DATA FOR THIS EXERCISE: Begin

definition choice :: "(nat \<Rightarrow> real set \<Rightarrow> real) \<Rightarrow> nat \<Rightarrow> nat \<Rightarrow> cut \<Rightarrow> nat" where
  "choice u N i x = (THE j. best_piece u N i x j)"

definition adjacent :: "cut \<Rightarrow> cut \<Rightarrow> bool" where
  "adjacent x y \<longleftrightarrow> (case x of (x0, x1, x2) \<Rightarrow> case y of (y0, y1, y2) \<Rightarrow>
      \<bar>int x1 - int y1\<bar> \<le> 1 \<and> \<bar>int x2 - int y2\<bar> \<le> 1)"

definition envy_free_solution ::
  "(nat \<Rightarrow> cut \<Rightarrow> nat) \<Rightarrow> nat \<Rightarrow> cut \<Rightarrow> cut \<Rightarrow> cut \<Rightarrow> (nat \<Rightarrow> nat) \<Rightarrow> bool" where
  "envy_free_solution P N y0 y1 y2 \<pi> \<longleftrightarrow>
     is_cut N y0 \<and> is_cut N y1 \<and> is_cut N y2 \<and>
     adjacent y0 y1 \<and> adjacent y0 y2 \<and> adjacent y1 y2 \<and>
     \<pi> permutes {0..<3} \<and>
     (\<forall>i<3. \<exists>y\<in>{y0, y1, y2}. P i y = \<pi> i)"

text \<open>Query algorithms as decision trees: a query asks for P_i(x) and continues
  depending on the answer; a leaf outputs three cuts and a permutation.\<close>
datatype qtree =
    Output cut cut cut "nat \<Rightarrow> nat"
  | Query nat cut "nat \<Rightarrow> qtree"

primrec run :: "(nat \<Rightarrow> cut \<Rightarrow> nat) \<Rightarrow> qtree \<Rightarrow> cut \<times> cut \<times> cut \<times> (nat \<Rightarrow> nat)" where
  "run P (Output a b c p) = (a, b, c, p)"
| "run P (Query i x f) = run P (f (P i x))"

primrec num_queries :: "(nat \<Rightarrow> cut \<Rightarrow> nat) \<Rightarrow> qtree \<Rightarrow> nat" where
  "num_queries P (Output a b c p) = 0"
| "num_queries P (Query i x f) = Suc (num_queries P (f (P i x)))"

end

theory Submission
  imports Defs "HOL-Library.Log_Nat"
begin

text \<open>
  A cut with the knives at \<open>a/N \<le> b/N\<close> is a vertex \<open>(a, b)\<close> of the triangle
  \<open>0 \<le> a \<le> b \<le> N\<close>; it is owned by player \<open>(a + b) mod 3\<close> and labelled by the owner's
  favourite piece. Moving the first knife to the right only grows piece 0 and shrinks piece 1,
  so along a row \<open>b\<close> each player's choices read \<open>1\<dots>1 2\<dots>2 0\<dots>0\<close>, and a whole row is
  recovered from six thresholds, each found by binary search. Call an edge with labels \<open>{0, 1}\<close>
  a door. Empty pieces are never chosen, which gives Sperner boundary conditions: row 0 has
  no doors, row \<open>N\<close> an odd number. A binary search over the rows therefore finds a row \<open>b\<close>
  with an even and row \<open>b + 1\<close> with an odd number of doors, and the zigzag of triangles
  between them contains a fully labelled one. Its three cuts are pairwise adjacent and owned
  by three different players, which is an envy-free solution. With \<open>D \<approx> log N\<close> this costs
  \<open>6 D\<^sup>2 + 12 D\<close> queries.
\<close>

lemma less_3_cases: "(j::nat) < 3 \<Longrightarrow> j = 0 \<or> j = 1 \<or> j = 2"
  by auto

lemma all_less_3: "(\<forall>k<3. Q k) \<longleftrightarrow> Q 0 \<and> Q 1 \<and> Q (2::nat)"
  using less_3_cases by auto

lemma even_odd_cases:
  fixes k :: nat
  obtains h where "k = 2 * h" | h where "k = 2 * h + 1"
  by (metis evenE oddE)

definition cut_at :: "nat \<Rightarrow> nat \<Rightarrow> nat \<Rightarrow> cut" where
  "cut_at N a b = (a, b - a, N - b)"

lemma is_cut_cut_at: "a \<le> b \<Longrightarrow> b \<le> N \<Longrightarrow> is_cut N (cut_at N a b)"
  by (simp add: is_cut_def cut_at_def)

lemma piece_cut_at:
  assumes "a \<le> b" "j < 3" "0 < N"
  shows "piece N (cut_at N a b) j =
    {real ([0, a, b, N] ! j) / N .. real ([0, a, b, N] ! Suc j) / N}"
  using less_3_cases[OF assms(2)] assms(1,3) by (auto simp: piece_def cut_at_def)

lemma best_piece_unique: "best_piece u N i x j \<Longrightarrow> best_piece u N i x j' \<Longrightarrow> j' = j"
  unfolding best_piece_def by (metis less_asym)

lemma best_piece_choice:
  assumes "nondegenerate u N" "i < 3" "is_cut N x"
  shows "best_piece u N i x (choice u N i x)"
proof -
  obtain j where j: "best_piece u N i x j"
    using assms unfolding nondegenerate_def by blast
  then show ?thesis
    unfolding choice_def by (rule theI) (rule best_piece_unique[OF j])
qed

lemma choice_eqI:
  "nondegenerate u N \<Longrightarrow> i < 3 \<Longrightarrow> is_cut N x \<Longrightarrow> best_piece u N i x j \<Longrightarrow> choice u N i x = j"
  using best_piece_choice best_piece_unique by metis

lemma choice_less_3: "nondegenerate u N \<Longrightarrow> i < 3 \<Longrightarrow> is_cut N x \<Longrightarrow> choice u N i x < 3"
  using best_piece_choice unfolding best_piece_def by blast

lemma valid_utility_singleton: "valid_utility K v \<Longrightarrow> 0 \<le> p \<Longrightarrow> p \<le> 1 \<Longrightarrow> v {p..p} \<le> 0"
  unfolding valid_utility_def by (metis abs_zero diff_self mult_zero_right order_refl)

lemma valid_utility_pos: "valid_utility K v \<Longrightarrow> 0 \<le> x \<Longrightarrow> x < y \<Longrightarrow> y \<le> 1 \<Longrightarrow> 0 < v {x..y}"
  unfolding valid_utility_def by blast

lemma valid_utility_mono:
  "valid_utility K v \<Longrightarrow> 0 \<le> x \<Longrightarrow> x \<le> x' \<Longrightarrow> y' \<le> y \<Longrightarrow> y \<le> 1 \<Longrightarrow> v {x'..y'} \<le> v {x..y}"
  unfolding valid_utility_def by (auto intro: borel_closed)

DATA FOR THIS EXERCISE: End
DATA FOR THIS EXERCISE: Begin

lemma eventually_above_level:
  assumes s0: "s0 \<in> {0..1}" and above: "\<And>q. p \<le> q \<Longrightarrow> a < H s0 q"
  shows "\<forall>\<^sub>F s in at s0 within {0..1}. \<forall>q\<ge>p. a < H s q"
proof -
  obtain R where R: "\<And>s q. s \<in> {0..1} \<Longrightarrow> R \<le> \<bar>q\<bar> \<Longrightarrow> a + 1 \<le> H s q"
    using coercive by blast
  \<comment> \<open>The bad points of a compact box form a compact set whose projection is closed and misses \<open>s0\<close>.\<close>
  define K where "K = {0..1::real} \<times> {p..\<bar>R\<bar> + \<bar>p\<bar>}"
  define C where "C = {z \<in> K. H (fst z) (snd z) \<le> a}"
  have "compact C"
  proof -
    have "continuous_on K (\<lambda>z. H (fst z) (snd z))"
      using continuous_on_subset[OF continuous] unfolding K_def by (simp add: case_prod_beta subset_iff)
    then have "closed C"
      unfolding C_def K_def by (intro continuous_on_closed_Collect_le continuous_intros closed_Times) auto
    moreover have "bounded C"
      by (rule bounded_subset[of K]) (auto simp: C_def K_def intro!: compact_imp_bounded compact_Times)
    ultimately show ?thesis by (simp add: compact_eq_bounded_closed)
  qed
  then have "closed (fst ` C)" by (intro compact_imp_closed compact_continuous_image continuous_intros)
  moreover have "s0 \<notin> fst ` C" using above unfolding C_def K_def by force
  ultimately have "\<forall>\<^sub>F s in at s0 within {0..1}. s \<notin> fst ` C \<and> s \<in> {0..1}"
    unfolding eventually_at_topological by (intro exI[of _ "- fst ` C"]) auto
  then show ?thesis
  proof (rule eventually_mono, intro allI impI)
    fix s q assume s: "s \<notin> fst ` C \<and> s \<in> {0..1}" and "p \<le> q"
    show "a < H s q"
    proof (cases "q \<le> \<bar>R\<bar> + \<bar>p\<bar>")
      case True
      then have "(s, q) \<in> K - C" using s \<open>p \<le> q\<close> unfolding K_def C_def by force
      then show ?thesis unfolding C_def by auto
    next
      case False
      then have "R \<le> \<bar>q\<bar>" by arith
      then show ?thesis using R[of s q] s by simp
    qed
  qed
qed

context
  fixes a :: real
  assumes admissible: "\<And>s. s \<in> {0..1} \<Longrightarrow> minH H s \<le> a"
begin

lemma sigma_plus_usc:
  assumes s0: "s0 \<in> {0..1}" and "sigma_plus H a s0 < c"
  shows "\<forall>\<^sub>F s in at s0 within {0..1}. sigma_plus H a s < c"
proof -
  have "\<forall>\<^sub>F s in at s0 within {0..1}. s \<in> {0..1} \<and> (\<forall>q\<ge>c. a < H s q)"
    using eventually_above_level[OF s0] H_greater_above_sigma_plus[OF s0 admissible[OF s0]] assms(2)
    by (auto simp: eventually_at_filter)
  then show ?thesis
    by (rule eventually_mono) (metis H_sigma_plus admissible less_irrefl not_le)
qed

DATA FOR THIS EXERCISE: End
DATA FOR THIS EXERCISE: Begin

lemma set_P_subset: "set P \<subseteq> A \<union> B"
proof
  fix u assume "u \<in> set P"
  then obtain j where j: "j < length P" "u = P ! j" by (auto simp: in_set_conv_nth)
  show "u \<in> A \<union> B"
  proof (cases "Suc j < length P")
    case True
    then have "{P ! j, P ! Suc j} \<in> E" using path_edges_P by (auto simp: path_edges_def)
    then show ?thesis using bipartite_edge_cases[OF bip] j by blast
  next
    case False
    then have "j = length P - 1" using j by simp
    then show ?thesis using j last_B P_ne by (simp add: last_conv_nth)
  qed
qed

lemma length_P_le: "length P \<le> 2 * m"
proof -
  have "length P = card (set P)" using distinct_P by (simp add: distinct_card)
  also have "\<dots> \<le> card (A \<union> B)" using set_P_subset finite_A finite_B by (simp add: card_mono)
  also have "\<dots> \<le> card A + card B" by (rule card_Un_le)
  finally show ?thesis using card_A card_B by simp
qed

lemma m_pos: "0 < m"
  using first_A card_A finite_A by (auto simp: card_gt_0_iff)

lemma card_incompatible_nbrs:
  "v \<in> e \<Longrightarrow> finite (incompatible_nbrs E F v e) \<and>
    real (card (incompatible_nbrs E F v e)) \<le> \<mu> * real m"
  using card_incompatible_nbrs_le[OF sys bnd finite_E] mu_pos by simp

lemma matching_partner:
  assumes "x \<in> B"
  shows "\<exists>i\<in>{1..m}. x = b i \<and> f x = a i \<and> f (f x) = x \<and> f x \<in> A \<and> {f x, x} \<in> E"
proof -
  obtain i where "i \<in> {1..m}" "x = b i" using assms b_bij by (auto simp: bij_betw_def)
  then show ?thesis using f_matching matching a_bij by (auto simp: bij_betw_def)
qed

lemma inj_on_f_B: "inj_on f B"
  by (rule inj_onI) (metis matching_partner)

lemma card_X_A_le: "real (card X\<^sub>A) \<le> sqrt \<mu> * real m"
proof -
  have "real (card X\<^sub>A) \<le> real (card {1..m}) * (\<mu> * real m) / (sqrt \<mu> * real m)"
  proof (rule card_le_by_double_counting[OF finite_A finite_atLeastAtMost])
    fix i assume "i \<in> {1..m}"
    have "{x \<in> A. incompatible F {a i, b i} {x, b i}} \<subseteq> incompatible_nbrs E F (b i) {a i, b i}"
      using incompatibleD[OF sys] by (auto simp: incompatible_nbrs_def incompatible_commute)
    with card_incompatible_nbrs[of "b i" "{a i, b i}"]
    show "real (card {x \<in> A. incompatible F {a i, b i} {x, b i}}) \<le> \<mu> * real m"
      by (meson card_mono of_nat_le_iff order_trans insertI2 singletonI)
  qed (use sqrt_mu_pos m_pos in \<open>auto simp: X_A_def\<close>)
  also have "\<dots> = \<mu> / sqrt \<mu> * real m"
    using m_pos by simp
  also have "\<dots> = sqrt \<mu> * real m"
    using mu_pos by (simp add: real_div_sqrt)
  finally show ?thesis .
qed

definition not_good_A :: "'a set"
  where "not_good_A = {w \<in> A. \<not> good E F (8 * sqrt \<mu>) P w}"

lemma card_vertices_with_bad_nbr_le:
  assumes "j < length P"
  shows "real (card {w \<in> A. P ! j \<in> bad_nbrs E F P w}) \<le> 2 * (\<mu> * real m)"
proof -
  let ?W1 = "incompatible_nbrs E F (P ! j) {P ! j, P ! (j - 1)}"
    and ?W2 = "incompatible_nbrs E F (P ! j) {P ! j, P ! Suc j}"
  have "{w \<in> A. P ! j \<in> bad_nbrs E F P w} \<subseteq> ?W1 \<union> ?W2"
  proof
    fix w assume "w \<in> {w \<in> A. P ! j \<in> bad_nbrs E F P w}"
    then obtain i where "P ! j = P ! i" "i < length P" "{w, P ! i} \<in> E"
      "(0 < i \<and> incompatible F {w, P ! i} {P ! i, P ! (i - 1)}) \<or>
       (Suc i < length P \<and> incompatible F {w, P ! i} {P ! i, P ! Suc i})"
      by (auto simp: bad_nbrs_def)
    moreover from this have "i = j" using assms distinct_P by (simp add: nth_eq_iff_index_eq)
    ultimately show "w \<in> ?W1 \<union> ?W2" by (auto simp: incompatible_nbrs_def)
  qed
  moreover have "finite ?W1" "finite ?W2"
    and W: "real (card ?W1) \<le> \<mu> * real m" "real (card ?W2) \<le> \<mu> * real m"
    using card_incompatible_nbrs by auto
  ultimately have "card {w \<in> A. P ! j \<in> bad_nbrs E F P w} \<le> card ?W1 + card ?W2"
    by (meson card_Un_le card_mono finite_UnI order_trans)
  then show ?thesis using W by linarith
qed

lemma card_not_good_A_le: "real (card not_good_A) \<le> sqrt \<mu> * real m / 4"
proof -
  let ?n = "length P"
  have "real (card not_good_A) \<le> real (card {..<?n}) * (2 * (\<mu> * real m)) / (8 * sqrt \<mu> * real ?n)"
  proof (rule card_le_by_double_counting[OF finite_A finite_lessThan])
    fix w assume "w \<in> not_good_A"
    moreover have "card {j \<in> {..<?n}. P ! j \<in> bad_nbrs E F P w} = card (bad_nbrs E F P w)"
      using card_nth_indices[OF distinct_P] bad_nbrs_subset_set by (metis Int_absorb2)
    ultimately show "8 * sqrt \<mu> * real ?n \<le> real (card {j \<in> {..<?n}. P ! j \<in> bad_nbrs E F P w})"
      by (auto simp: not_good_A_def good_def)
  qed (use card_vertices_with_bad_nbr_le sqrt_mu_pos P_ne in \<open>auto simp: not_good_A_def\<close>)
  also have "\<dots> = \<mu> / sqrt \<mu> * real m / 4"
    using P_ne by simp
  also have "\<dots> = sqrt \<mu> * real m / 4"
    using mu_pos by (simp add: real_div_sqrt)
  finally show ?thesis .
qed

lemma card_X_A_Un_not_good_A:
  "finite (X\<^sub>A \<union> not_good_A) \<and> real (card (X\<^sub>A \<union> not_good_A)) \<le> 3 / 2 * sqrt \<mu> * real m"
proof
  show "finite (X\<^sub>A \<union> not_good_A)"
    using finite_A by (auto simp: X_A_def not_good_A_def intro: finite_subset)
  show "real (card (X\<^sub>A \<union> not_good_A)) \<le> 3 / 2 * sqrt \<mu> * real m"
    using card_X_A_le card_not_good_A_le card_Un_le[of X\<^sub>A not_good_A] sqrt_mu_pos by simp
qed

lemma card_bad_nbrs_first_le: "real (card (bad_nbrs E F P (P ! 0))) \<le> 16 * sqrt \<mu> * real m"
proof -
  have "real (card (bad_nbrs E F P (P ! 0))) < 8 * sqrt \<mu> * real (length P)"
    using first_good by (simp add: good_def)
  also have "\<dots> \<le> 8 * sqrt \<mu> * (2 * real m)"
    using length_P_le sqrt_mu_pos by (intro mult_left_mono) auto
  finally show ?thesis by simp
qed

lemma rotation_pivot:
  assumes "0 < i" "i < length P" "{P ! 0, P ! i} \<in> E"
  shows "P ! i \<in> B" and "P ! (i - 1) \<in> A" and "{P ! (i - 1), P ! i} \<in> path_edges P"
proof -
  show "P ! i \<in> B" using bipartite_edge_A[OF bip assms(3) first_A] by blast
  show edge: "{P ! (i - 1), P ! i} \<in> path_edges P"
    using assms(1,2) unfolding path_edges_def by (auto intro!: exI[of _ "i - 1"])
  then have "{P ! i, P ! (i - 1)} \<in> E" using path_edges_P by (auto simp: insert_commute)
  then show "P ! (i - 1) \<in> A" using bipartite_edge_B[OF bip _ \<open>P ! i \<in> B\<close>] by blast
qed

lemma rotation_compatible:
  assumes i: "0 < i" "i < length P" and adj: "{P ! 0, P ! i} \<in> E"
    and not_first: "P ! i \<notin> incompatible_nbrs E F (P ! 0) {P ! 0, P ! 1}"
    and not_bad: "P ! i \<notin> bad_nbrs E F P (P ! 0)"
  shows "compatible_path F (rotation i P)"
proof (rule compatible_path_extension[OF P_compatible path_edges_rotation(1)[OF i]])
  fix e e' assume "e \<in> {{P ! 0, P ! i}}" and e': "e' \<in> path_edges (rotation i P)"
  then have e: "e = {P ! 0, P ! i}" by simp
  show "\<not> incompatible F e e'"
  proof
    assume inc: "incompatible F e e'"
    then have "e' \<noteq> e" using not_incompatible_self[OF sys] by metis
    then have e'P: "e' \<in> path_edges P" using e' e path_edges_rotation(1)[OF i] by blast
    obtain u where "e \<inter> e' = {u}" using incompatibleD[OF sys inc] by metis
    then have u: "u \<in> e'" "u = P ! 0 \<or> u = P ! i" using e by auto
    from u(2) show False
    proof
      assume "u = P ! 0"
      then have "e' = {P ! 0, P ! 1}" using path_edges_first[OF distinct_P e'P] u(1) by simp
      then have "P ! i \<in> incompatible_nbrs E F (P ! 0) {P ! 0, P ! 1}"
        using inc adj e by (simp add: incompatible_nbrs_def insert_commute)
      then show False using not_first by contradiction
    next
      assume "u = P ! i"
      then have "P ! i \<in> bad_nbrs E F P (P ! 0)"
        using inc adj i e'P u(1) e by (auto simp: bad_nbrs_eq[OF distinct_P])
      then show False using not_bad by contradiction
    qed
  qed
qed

DATA FOR THIS EXERCISE: End

#### [AIM OF THE EXERCISE]
Looking at the records above, return exactly the lines from the line with "then show ?thesis using W by linarith" to the line with "by (auto simp: not_good_A_def good_def)", both ends included.

#### [FINISHED EXERCISE]
  then show ?thesis using W by linarith
qed

lemma card_not_good_A_le: "real (card not_good_A) \<le> sqrt \<mu> * real m / 4"
proof -
  let ?n = "length P"
  have "real (card not_good_A) \<le> real (card {..<?n}) * (2 * (\<mu> * real m)) / (8 * sqrt \<mu> * real ?n)"
  proof (rule card_le_by_double_counting[OF finite_A finite_lessThan])
    fix w assume "w \<in> not_good_A"
    moreover have "card {j \<in> {..<?n}. P ! j \<in> bad_nbrs E F P w} = card (bad_nbrs E F P w)"
      using card_nth_indices[OF distinct_P] bad_nbrs_subset_set by (metis Int_absorb2)
    ultimately show "8 * sqrt \<mu> * real ?n \<le> real (card {j \<in> {..<?n}. P ! j \<in> bad_nbrs E F P w})"
      by (auto simp: not_good_A_def good_def)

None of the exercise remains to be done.